__INSTRUCTIONS TO FOLLOW__:
Do any lines in the data below contain "metis"? If so, copy every one of them.

RECORD EXCERPTS START

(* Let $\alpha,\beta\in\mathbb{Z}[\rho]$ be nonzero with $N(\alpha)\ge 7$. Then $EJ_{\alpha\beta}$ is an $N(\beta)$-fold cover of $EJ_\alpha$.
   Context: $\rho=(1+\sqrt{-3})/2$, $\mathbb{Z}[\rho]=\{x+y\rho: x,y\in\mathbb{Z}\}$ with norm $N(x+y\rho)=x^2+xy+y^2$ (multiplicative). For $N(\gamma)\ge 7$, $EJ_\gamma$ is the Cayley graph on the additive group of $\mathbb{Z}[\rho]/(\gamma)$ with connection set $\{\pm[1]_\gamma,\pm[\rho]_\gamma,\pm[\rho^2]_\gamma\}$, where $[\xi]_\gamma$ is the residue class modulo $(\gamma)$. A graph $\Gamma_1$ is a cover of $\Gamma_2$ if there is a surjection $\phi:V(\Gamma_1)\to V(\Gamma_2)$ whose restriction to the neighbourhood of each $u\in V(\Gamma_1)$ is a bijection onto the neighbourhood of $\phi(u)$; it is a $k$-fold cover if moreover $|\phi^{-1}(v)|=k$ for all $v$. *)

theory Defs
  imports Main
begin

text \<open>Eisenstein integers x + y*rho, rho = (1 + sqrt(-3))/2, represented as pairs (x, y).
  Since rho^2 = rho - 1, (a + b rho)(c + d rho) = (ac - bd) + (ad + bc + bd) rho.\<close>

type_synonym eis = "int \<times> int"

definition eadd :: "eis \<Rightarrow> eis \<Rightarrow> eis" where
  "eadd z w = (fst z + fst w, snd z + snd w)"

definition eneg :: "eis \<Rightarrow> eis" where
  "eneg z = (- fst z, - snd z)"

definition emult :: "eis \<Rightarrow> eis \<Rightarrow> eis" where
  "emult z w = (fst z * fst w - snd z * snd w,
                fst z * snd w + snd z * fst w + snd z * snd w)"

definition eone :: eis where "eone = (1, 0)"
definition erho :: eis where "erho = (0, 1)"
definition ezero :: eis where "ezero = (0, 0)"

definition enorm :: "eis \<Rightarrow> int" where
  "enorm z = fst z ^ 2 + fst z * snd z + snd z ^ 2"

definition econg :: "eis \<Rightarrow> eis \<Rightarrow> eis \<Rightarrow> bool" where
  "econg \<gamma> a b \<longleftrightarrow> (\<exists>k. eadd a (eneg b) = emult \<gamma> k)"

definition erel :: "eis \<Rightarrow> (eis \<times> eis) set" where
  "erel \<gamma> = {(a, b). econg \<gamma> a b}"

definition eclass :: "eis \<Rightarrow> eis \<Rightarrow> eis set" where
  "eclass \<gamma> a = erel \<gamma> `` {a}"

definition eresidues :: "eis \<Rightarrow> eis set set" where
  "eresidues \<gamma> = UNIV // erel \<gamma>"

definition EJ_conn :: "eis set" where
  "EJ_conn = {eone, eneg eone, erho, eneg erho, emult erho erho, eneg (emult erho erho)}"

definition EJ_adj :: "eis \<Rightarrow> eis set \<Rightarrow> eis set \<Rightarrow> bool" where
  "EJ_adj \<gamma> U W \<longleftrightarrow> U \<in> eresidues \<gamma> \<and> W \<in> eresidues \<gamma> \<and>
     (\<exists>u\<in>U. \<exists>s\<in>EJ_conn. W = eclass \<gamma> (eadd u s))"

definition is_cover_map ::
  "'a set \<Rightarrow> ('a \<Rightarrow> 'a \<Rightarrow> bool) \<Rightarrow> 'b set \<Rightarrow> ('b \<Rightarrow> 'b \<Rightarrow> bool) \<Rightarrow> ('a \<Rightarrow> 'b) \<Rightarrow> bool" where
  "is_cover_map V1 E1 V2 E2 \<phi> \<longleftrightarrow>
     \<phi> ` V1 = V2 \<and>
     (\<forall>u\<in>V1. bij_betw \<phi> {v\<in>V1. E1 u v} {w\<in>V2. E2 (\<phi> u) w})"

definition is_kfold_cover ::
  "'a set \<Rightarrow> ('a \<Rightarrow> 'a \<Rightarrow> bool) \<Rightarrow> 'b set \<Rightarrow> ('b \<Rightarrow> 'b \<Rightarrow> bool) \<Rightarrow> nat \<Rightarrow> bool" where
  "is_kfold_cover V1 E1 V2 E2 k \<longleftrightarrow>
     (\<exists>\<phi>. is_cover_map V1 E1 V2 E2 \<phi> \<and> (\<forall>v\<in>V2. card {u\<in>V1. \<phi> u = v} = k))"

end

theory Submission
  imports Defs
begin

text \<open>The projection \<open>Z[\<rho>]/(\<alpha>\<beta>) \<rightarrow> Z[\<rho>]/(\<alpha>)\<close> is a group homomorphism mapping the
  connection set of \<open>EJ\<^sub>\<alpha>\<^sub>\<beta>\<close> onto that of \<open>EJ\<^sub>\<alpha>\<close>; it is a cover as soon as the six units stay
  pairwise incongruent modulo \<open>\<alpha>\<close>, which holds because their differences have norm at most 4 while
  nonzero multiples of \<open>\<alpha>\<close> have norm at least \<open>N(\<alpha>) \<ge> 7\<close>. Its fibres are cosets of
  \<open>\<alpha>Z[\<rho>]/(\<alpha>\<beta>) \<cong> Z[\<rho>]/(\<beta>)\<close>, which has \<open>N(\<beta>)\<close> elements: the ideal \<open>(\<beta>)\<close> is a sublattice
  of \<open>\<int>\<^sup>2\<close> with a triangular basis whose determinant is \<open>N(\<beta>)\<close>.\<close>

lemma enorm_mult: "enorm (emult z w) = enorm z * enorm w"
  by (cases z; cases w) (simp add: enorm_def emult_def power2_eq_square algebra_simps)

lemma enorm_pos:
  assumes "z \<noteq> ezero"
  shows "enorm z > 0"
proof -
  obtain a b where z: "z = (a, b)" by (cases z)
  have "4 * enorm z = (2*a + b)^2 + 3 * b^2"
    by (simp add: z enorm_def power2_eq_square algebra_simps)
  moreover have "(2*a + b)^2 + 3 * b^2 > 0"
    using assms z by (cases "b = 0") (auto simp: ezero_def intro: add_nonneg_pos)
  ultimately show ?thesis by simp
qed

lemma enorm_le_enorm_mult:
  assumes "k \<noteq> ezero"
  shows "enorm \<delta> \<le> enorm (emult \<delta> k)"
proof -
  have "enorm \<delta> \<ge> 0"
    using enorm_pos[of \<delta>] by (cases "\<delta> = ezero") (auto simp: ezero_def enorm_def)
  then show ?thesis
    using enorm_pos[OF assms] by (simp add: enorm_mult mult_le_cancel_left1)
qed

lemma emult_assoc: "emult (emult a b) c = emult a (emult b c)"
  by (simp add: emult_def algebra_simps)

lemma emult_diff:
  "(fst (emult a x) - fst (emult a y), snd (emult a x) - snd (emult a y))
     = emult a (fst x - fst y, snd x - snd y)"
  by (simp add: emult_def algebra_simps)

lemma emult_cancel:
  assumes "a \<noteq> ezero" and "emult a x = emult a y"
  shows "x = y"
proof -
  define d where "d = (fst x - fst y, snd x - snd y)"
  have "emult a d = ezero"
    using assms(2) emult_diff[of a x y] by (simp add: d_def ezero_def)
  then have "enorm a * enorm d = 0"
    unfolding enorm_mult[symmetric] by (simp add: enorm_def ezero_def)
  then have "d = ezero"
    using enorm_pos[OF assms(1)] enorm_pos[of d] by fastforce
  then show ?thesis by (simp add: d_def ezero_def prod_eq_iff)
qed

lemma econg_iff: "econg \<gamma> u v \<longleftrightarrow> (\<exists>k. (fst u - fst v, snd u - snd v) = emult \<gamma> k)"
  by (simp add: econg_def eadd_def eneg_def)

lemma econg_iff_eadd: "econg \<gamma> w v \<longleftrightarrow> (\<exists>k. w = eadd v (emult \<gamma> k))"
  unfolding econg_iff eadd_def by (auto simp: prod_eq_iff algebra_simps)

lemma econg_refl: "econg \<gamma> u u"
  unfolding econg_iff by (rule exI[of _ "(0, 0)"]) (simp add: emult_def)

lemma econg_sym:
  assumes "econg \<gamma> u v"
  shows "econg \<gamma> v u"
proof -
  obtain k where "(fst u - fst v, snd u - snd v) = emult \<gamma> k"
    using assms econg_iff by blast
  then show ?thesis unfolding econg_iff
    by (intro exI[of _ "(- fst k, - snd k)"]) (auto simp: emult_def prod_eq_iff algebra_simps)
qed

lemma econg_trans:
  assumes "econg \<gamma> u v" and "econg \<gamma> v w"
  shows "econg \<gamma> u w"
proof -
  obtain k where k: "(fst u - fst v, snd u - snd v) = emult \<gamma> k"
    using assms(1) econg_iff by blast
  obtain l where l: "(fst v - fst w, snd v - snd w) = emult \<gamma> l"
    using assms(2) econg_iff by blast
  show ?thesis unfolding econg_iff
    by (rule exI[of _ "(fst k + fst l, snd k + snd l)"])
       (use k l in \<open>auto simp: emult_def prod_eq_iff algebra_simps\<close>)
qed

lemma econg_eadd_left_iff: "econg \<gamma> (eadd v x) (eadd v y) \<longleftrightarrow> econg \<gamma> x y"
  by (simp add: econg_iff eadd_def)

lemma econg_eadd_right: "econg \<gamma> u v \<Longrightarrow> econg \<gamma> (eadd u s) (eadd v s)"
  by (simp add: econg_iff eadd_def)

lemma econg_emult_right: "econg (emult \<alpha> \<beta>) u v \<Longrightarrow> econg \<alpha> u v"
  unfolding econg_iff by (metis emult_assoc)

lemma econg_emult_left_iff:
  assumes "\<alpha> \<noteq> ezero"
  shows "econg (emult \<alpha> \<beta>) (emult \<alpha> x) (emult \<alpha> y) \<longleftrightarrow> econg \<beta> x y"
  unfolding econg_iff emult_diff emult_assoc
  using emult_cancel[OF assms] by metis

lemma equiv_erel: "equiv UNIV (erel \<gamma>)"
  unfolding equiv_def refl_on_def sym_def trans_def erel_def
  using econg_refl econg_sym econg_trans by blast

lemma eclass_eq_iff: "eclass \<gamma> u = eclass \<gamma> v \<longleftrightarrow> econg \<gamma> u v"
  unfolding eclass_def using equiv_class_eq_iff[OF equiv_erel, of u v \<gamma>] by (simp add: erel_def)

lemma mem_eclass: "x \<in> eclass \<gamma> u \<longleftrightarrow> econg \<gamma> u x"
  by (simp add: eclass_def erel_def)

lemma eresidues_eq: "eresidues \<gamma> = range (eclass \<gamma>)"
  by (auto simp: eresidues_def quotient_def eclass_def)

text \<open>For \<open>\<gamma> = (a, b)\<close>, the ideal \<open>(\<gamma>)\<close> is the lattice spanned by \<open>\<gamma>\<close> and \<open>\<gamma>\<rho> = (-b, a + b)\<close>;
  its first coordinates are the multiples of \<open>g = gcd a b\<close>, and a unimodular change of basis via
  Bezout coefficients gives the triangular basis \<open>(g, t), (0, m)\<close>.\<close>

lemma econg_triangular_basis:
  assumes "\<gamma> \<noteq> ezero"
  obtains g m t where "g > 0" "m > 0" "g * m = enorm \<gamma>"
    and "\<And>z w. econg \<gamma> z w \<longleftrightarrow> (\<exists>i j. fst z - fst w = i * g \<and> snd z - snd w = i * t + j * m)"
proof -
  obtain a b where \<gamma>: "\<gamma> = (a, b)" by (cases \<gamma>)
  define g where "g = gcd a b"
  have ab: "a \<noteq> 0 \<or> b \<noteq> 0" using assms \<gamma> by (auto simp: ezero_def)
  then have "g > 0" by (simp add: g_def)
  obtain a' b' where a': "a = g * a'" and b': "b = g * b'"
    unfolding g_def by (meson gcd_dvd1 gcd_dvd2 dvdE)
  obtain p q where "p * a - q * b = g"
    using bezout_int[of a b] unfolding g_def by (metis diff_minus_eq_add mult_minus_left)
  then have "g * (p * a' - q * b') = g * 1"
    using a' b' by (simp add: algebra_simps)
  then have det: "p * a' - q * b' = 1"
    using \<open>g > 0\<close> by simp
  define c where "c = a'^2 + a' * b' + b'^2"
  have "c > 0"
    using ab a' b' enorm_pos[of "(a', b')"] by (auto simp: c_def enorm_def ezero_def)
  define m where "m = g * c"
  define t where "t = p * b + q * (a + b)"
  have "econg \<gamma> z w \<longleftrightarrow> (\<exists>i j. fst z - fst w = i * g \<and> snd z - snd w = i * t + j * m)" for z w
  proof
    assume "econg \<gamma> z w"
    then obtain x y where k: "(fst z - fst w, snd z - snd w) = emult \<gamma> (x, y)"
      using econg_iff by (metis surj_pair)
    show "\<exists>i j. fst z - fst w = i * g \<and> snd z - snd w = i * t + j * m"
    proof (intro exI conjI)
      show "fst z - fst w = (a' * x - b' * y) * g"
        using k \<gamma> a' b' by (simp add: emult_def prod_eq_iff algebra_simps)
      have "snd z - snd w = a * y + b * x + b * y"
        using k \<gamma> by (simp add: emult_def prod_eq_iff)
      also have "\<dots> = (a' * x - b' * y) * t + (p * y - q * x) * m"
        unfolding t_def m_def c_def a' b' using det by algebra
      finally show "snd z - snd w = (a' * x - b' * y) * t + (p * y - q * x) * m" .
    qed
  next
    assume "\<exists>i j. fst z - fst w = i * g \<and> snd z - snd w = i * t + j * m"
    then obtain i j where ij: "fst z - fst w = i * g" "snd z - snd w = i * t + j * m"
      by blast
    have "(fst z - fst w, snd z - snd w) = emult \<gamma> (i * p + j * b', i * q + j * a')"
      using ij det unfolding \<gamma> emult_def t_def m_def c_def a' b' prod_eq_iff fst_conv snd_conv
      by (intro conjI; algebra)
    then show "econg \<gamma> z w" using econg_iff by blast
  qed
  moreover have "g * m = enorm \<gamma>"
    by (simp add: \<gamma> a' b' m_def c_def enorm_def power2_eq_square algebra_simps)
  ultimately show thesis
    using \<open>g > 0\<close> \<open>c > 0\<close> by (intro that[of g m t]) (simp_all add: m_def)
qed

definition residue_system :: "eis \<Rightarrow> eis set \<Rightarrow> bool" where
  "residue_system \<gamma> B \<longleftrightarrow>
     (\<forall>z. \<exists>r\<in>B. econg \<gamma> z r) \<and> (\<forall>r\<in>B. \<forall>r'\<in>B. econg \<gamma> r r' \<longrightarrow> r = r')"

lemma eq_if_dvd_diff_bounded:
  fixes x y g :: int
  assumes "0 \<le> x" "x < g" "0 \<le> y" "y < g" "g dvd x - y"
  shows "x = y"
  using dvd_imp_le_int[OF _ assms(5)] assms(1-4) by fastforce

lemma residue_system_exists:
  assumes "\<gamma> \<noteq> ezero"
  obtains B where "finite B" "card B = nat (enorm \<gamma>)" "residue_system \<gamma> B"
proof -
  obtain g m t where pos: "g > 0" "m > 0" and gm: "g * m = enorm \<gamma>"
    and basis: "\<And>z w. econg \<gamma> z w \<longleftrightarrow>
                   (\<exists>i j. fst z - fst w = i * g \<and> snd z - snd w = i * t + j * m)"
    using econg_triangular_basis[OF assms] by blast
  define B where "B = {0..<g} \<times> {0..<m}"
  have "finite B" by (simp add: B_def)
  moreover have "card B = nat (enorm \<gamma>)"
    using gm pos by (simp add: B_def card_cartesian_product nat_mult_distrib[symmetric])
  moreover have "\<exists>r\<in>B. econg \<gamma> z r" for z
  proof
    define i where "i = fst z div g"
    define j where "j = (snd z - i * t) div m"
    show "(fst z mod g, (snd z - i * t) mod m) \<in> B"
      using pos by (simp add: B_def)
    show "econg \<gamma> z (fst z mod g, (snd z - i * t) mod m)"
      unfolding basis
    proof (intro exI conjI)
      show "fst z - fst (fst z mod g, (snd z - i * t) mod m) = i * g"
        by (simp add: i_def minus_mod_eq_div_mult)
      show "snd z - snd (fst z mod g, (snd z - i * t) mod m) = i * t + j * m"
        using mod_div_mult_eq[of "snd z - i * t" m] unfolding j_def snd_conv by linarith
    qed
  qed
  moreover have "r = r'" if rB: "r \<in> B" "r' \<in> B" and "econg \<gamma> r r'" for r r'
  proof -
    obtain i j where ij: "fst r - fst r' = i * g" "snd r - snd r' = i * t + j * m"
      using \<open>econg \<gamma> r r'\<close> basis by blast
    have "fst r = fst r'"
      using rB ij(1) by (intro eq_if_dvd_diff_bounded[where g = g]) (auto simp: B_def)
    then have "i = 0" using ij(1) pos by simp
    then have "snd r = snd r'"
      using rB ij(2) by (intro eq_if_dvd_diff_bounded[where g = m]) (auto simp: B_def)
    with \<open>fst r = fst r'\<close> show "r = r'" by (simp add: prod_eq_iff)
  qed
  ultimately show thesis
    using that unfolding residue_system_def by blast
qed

RECORD EXCERPTS END

__OUTPUT FOR THIS EXERCISE__:
  unfolding econg_iff by (metis emult_assoc)
  using emult_cancel[OF assms] by metis
    using bezout_int[of a b] unfolding g_def by (metis diff_minus_eq_add mult_minus_left)
      using econg_iff by (metis surj_pair)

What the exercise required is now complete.